Amaebi from Cultivate. Photo: Cultivate

“I had always thought Southern cuisine was one of the most delicious in the world. I would rather have a buttermilk biscuit than a brioche. I should have learned this style of cooking first and that’s why I made such a huge, drastic turn. I learned how to make food delicious instead of how to put microgreens on a plate.”

Where did you work in Hong Kong? “I came back in mid 2016 and worked at Twenty Six by Liberty and Liberty Exchange, taking over from chef Bjoern Alexander for a year. Then I helped open a bar called Blue Supreme, where I made high quality food at a very unexpected location at very low prices. I worked in the tiniest kitchen I’ve ever worked in. But when you’re in such a limited space, that’s when you get the most creative.”

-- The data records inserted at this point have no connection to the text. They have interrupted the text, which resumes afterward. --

(* Let $v\equiv 3$ or $15\pmod{18}$ with $v>3$, and let $S=(\mathbb{Z}_v,\mathcal{B})$ be a cyclic $\mathrm{STS}(v)$ (with cyclic automorphism $i\mapsto i+1\bmod v$). Then $S$ admits a zero-sum $4$-flow. Moreover, if $S$ has a full orbit of Type $1$ or of Type $3$, then $S$ admits a zero-sum $3$-flow.
   Context: A Steiner triple system $\mathrm{STS}(v)$ is a pair $(X,\mathcal{B})$ with $|X|=v$ and $\mathcal{B}$ a collection of 3-subsets of $X$ such that every 2-subset lies in exactly one block. It is cyclic if (after relabeling) $X=\mathbb{Z}_v$ and $\alpha:i\mapsto i+1\pmod v$ maps blocks to blocks. Blocks are partitioned into orbits under $\langle\alpha\rangle$; an orbit of size $v$ is a full orbit, and for $v\equiv3\pmod6$ there is exactly one other (short) orbit, that of $\{0,v/3,2v/3\}$. When $3\mid v$, an orbit is of Type $i$ ($i=1,2,3$) if each of its blocks contains elements of exactly $i$ distinct residue classes mod $3$. For integer $n\ge2$, a zero-sum $n$-flow is a map $f:\mathcal{B}\to\{\pm1,\ldots,\pm(n-1)\}$ with $\sum_{B\ni x} f(B)=0$ for every point $x$. *)

theory Defs
  imports Main
begin

definition is_STS :: "nat \<Rightarrow> nat set set \<Rightarrow> bool" where
  "is_STS v B \<longleftrightarrow>
     (\<forall>b\<in>B. b \<subseteq> {..<v} \<and> card b = 3) \<and>
     (\<forall>x\<in>{..<v}. \<forall>y\<in>{..<v}. x \<noteq> y \<longrightarrow> (\<exists>!b. b \<in> B \<and> {x, y} \<subseteq> b))"

definition shift :: "nat \<Rightarrow> nat \<Rightarrow> nat \<Rightarrow> nat" where
  "shift v k i = (i + k) mod v"

definition is_cyclic_STS :: "nat \<Rightarrow> nat set set \<Rightarrow> bool" where
  "is_cyclic_STS v B \<longleftrightarrow> is_STS v B \<and> (\<forall>b\<in>B. shift v 1 ` b \<in> B)"

definition block_orbit :: "nat \<Rightarrow> nat set \<Rightarrow> nat set set" where
  "block_orbit v b = {shift v k ` b | k. k < v}"

definition full_orbit :: "nat \<Rightarrow> nat set set \<Rightarrow> nat set set \<Rightarrow> bool" where
  "full_orbit v B Orb \<longleftrightarrow> (\<exists>b\<in>B. Orb = block_orbit v b) \<and> card Orb = v"

definition orbit_of_type :: "nat \<Rightarrow> nat set set \<Rightarrow> bool" where
  "orbit_of_type i Orb \<longleftrightarrow> (\<forall>b\<in>Orb. card ((\<lambda>x. x mod 3) ` b) = i)"

definition zero_sum_flow :: "nat \<Rightarrow> nat \<Rightarrow> nat set set \<Rightarrow> (nat set \<Rightarrow> int) \<Rightarrow> bool" where
  "zero_sum_flow n v B f \<longleftrightarrow>
     (\<forall>b\<in>B. f b \<noteq> 0 \<and> \<bar>f b\<bar> \<le> int n - 1) \<and>
     (\<forall>x\<in>{..<v}. (\<Sum>b\<in>{b\<in>B. x \<in> b}. f b) = 0)"

definition admits_zero_sum_flow :: "nat \<Rightarrow> nat \<Rightarrow> nat set set \<Rightarrow> bool" where
  "admits_zero_sum_flow n v B \<longleftrightarrow> (\<exists>f. zero_sum_flow n v B f)"

end

theory Submission
  imports Defs
begin

text \<open>
  Give every difference d \<in> {1..(v-1)/2} of Z_v a weight E d and every block the sum of the weights
  of its three differences. By cyclicity all points then carry the same total, three times the sum
  of all weights. In a full orbit the three differences of a block are distinct (otherwise a
  nontrivial shift fixes the block, which makes it short), so weighting only the smallest difference
  of each full orbit puts that weight on all its blocks. With weights \<plusminus>1 alternating along
  the orbits their sum is 0 or 1, and the remainder is absorbed by the short orbit, whose blocks
  cover every point exactly once: weight 3 there and a corrected weight on the orbit through
  {0, 1} give a 4-flow. For a 3-flow one full orbit of Type 3 is weighted instead by the residue mod
  3 of the shift producing each block, since every point lies in blocks of that orbit shifted by all
  three residues. A full orbit of Type 1 forces a full orbit of Type 3: double counting pairs of
  points in the same residue class shows that there are v/3 more Type-3 blocks than twice the
  number of Type-1 blocks, while the short orbit has only v/3 blocks.
\<close>


section \<open>Differences and shifts modulo v\<close>

definition diff_mod :: "nat \<Rightarrow> nat \<Rightarrow> nat \<Rightarrow> nat" where
  "diff_mod v u w = (w + v - u) mod v"

definition dist_mod :: "nat \<Rightarrow> nat \<Rightarrow> nat \<Rightarrow> nat" where
  "dist_mod v u w = min (diff_mod v u w) (diff_mod v w u)"

lemma add_mod_left_cancel: "(a + b) mod v = (a + c) mod v \<Longrightarrow> b mod (v::nat) = c mod v"
  by (simp add: nat_mod_eq_iff add.assoc)

lemma add_mod_eq_self_iff: "x < (v::nat) \<Longrightarrow> (x + j) mod v = x \<longleftrightarrow> j mod v = 0"
proof -
  assume "x < v"
  then have "(x + j) mod v = x \<longleftrightarrow> (x + j) mod v = (x + 0) mod v" by simp
  also have "\<dots> \<longleftrightarrow> j mod v = 0 mod v" using add_mod_left_cancel mod_add_cong by blast
  finally show ?thesis by simp
qed
(* Let $n \ge 2$ and let $C = (w_1, w_2, \dots, w_{2^n}, w_1)$ be a Hamiltonian cycle of the $n$-dimensional hypercube on vertex set $\{0,1\}^n$ (i.e. a cyclic Gray code: the $w_k$ are pairwise distinct, and consecutive words $w_k, w_{k+1}$, as well as $w_{2^n}, w_1$, differ in exactly one bit position). Let $f_C:\{0,1\}^n\to\{0,1\}^n$ be the Boolean map defined componentwise by $(f_C)_i(x) = x_i$ if the arc from $x$ to $x$ with bit $i$ flipped is one of the arcs $w_k\to w_{k+1}$ ($1\le k<2^n$) or $w_{2^n}\to w_1$ of $C$, and $(f_C)_i(x) = \overline{x_i}$ otherwise; thus $\Gamma(f_C)$ is the directed $n$-cube with the arcs of $C$ removed (and loops added). Then the iteration graph $\Gamma(f_C)$ is strongly connected.
   Context: The directed $n$-cube has vertex set $\{0,1\}^n$ and an arc from $x$ to $y$ whenever $x$ and $y$ differ in exactly one bit (in both directions). For a Boolean map $f=(f_1,\dots,f_n):\{0,1\}^n\to\{0,1\}^n$, define $F_f(i,x) = (x_1,\dots,x_{i-1},f_i(x),x_{i+1},\dots,x_n)$ for $i\in\{1,\dots,n\}$. The iteration graph $\Gamma(f)$ is the directed graph with vertex set $\{0,1\}^n$ containing, for every $x$ and every $i$, an arc from $x$ to $F_f(i,x)$. A directed graph is strongly connected if every vertex can be reached from every other vertex by a directed path. *)

theory Defs
  imports Main
begin

text \<open>Vertices of the n-cube: boolean lists of length n; bit positions 0..n-1
  (the paper's positions 1..n shifted by one).\<close>

definition cube :: "nat \<Rightarrow> bool list set" where
  "cube n = {x. length x = n}"

definition flip :: "bool list \<Rightarrow> nat \<Rightarrow> bool list" where
  "flip x i = x[i := \<not> x ! i]"

definition differ_in_one_bit :: "nat \<Rightarrow> bool list \<Rightarrow> bool list \<Rightarrow> bool" where
  "differ_in_one_bit n x y \<longleftrightarrow> card {i. i < n \<and> x ! i \<noteq> y ! i} = 1"

definition hamiltonian_cycle :: "nat \<Rightarrow> (nat \<Rightarrow> bool list) \<Rightarrow> bool" where
  "hamiltonian_cycle n w \<longleftrightarrow>
     (\<forall>k < 2 ^ n. w k \<in> cube n) \<and>
     inj_on w {..< 2 ^ n} \<and>
     (\<forall>k < 2 ^ n. differ_in_one_bit n (w k) (w ((k + 1) mod 2 ^ n)))"

text \<open>The map f_C, given componentwise: fC n w i x is (f_C)_i(x).\<close>
definition fC :: "nat \<Rightarrow> (nat \<Rightarrow> bool list) \<Rightarrow> nat \<Rightarrow> bool list \<Rightarrow> bool" where
  "fC n w i x =
     (if \<exists>k < 2 ^ n. w k = x \<and> w ((k + 1) mod 2 ^ n) = flip x i
      then x ! i else \<not> x ! i)"

definition F_f :: "(nat \<Rightarrow> bool list \<Rightarrow> bool) \<Rightarrow> nat \<Rightarrow> bool list \<Rightarrow> bool list" where
  "F_f f i x = x[i := f i x]"

definition iteration_graph :: "nat \<Rightarrow> (nat \<Rightarrow> bool list \<Rightarrow> bool) \<Rightarrow> (bool list \<times> bool list) set" where
  "iteration_graph n f = {(x, F_f f i x) | x i. x \<in> cube n \<and> i < n}"

definition strongly_connected_on :: "bool list set \<Rightarrow> (bool list \<times> bool list) set \<Rightarrow> bool" where
  "strongly_connected_on V E \<longleftrightarrow> (\<forall>x\<in>V. \<forall>y\<in>V. (x, y) \<in> E\<^sup>*)"

end

theory Submission
  imports Defs
begin

text \<open>A cycle of length greater than 2 never traverses an arc together with its reverse. Hence
  every reversed arc w (k+1) \<rightarrow> w k of C is an arc of \<Gamma>(f_C), so walking around C backwards
  inside \<Gamma>(f_C) reaches every vertex from every other.\<close>

lemma cube_eq_lists: "cube n = {xs. set xs \<subseteq> (UNIV :: bool set) \<and> length xs = n}"
  by (auto simp: cube_def)

lemma finite_cube: "finite (cube n)"
  unfolding cube_eq_lists by (rule finite_lists_length_eq) simp

lemma card_cube: "card (cube n) = 2 ^ n"
  unfolding cube_eq_lists using card_lists_length_eq[of "UNIV :: bool set" n] by simp

lemma flip_flip [simp]: "i < length x \<Longrightarrow> flip (flip x i) i = x"
  by (simp add: flip_def)

lemma differ_in_one_bit_imp_flip:
  assumes "length x = n" "length y = n" "differ_in_one_bit n x y"
  obtains i where "i < n" "y = flip x i"
proof -
  from assms(3) obtain i where diff: "{i. i < n \<and> x ! i \<noteq> y ! i} = {i}"
    unfolding differ_in_one_bit_def by (auto simp: card_Suc_eq)
  have "y = flip x i"
  proof (rule nth_equalityI)
    show "length y = length (flip x i)" using assms by (simp add: flip_def)
    fix j assume "j < length y"
    with assms diff show "y ! j = flip x i ! j"
      by (cases "j = i") (auto simp: flip_def)
  qed
  moreover have "i < n" using diff by blast
  ultimately show thesis using that by blast
qed

lemma hamiltonian_cycle_image:
  assumes "hamiltonian_cycle n w"
  shows "w ` {..<2 ^ n} = cube n"
proof (rule card_subset_eq[OF finite_cube])
  show "w ` {..<2 ^ n} \<subseteq> cube n"
    using assms by (auto simp: hamiltonian_cycle_def)
  show "card (w ` {..<2 ^ n}) = card (cube n)"
    using assms by (simp add: hamiltonian_cycle_def card_image card_cube)
qed

lemma cycle_no_reversed_arc:
  fixes N :: nat
  assumes inj: "inj_on w {..<N}" and "2 < N" "j < N" "k < N"
    and "w j = w ((k + 1) mod N)" and "w ((j + 1) mod N) = w k"
  shows False
proof -
  have "j = (k + 1) mod N"
    using assms by (intro inj_onD[OF inj]) auto
  moreover have "(j + 1) mod N = k"
    using assms by (intro inj_onD[OF inj]) auto
  ultimately
  have "(k + 2) mod N = k" by (simp add: mod_Suc_eq)
  with \<open>2 < N\<close> \<open>k < N\<close> show False
    by (cases "k + 2 < N") (auto simp: le_mod_geq)
qed

lemma flip_arc_in_iteration_graph:
  assumes "x \<in> cube n" "i < n"
    and "\<not> (\<exists>k < 2 ^ n. w k = x \<and> w ((k + 1) mod 2 ^ n) = flip x i)"
  shows "(x, flip x i) \<in> iteration_graph n (fC n w)"
proof -
  have "fC n w i x = (\<not> x ! i)"
    unfolding fC_def by (rule if_not_P[OF assms(3)])
  hence "F_f (fC n w) i x = flip x i"
    by (simp add: F_f_def flip_def)
  with assms(1,2) show ?thesis
    unfolding iteration_graph_def by force
qed

lemma reversed_cycle_arc_in_iteration_graph:
  assumes "n \<ge> 2" "hamiltonian_cycle n w" "k < 2 ^ n"
  shows "(w ((k + 1) mod 2 ^ n), w k) \<in> iteration_graph n (fC n w)"
proof -
  let ?N = "2 ^ n :: nat" and ?x = "w ((k + 1) mod 2 ^ n)"
  have "(2 :: nat) < 2 ^ 2" by simp
  also have "\<dots> \<le> ?N" using assms(1) by (rule power_increasing) simp
  finally have N: "2 < ?N" .
  have in_cube: "w j \<in> cube n" if "j < ?N" for j
    using assms(2) that by (simp add: hamiltonian_cycle_def)
  have x: "?x \<in> cube n" using in_cube N by simp
  have "differ_in_one_bit n (w k) ?x"
    using assms(2,3) by (simp add: hamiltonian_cycle_def)
  moreover have "length (w k) = n" "length ?x = n"
    using in_cube[OF assms(3)] x by (simp_all add: cube_def)
  ultimately obtain i where i: "i < n" "?x = flip (w k) i"
    by (metis differ_in_one_bit_imp_flip)
  have flip_back: "flip ?x i = w k"
    using i in_cube[OF assms(3)] by (simp add: cube_def)
  have "\<not> (\<exists>j < ?N. w j = ?x \<and> w ((j + 1) mod ?N) = flip ?x i)"
    using cycle_no_reversed_arc[of w ?N _ k] assms(2,3) N flip_back
    by (auto simp: hamiltonian_cycle_def)
  from flip_arc_in_iteration_graph[OF x i(1) this] flip_back show ?thesis by simp
qed

lemma reversed_cycle_reachable:
  fixes N :: nat
  assumes "\<And>k. k < N \<Longrightarrow> (w ((k + 1) mod N), w k) \<in> E" "j < N" "k < N"
  shows "(w j, w k) \<in> E\<^sup>*"
proof -
  have "(w ((k + m) mod N), w k) \<in> E\<^sup>*" for m
  proof (induction m)
    case 0
    show ?case using \<open>k < N\<close> by simp
  next
    case (Suc m)
    have "(w (((k + m) mod N + 1) mod N), w ((k + m) mod N)) \<in> E"
      using assms(1) \<open>k < N\<close> by simp
    then show ?case
      using Suc.IH by (simp add: mod_Suc_eq converse_rtrancl_into_rtrancl)
  qed
  from this[of "j + N - k"] show ?thesis
    using assms(2,3) by simp
qed

theorem theorem2:
  fixes n :: nat and w :: "nat \<Rightarrow> bool list"
  assumes "n \<ge> 2"
    and "hamiltonian_cycle n w"
  shows "strongly_connected_on (cube n) (iteration_graph n (fC n w))"
  unfolding strongly_connected_on_def
proof (intro ballI)
  fix x y assume "x \<in> cube n" "y \<in> cube n"
  then obtain j k where "j < 2 ^ n" "k < 2 ^ n" "x = w j" "y = w k"
    using hamiltonian_cycle_image[OF assms(2)] by (metis imageE lessThan_iff)
  with reversed_cycle_arc_in_iteration_graph[OF assms] reversed_cycle_reachable
  show "(x, y) \<in> (iteration_graph n (fC n w))\<^sup>*" by metis
qed

end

What did you do before opening Cultivate? “In 2019, I consulted for different businesses and thought I would do that for a while. Then my father passed away in early 2020 so I had to take over his business. After half a year I wanted to cook again, but instead of applying for a restaurant job, I invited some friends and industry people over and cooked for them and they covered the food costs. After the second time, pictures of my food were all over Instagram, and then everyone was messaging me asking me to cook for them. This was when restaurants closed at 6pm. In the beginning I did an average of 10 to 12 events every month and that increased to four per week.”

Cheung referred back to a college business plan to open his restaurant Cultivate in Soho, Central. Photos: Nora Tam

How did the idea of opening a restaurant come about? “When I was in culinary school we had a business seminar class where you had to come up with your own restaurant project, business plan, marketing and concept. I chose a restaurant named Cultivate in 2013 for this course. Six months ago, when I was approached for this location, I went through my notes and found this PowerPoint. I looked at my ideas from eight years ago and saw they were not outdated at all, and I hadn’t deviated from what I wanted to do then. But the menu I wrote then was horrible.”

What was your concept back then? “It was my idea to cook season­ally because that’s the whole point of new American cuisine, which is all about vegetables. You should cook things light, not hide the ingredients behind cream, cheese, butter, salt. If you do, that just shows you’re not confident with what’s underneath. You have to make the vegetables the star. If your product is good, your technique is good, you don’t need to hide it.”

What’s your menu like? “We’ve just opened and what we’re doing now is what we’re capable of with the equipment, the current team situation, the 10pm curfew. In the future, the menu will be more complex, with more inter­action.

Ajo Blanco from Cultivate. Photo: Cultivate

My ultimate vision is to have an entire tasting menu where dishes link to the next one like a chain. An example would be we serve you a pile of smoking hay with smoked oysters on top, and by the time you’re done eating it, instead of taking it all away, we take away half of it, and something else has been smoking underneath the whole time. Then eventually that straw will be used to infuse a sauce that will be used in the next course, and so on.”